**ENTRIES SUPPLIED:**

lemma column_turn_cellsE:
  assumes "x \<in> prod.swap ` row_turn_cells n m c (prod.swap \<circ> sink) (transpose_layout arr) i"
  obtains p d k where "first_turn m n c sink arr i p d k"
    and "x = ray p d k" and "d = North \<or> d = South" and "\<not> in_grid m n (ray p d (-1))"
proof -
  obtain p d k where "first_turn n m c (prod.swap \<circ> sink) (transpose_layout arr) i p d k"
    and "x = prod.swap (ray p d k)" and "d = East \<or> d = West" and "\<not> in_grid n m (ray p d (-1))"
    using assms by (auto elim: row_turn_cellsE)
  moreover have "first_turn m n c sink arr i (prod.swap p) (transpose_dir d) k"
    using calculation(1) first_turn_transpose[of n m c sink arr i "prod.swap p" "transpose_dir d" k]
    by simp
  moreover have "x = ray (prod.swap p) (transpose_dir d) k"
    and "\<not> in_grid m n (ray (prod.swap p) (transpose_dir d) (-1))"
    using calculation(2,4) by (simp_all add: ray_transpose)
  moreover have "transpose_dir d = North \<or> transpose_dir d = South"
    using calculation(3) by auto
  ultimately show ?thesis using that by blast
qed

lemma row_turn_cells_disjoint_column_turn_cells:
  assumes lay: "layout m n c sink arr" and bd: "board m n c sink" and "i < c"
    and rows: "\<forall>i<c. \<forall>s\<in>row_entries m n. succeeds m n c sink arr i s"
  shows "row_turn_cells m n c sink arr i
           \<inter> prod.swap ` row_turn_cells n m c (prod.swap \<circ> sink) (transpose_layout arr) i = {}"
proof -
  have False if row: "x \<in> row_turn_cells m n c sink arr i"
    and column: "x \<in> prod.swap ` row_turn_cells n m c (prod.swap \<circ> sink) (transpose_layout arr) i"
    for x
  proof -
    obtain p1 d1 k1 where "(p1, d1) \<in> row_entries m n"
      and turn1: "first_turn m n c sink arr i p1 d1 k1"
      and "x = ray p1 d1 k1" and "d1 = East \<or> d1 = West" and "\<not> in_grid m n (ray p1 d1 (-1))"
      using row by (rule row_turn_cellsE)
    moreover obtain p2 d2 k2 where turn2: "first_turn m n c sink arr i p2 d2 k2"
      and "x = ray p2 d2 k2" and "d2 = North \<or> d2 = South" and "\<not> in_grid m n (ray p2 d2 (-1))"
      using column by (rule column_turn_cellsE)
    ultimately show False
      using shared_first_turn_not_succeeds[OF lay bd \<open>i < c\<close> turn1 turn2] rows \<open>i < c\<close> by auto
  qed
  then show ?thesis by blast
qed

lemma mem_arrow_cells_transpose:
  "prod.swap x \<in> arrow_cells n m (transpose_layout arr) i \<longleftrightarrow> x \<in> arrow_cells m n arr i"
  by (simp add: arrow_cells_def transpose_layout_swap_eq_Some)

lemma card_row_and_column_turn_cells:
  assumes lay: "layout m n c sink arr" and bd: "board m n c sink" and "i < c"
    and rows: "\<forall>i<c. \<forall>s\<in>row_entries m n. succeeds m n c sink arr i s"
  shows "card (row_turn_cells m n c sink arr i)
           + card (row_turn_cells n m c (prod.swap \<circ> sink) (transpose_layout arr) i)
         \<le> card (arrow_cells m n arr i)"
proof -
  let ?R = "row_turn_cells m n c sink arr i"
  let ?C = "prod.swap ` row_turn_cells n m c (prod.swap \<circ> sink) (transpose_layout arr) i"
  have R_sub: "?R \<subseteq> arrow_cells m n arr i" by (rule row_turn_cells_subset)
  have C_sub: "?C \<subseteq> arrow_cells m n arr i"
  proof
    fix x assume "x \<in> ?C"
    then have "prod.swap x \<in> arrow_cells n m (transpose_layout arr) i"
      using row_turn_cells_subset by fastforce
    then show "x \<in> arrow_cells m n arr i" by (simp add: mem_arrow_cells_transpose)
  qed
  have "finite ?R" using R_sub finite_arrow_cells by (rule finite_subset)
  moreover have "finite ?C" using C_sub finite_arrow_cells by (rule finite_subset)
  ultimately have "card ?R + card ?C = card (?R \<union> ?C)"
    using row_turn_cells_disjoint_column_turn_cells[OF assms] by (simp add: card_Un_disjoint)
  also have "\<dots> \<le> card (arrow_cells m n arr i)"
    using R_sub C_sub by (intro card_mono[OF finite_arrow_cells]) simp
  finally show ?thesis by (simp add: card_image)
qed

**TASK DIRECTIONS:**
The number of lines in the entries holding the word "auto" is what is needed. Supply that number only.

**TASK RESPONSE:**
3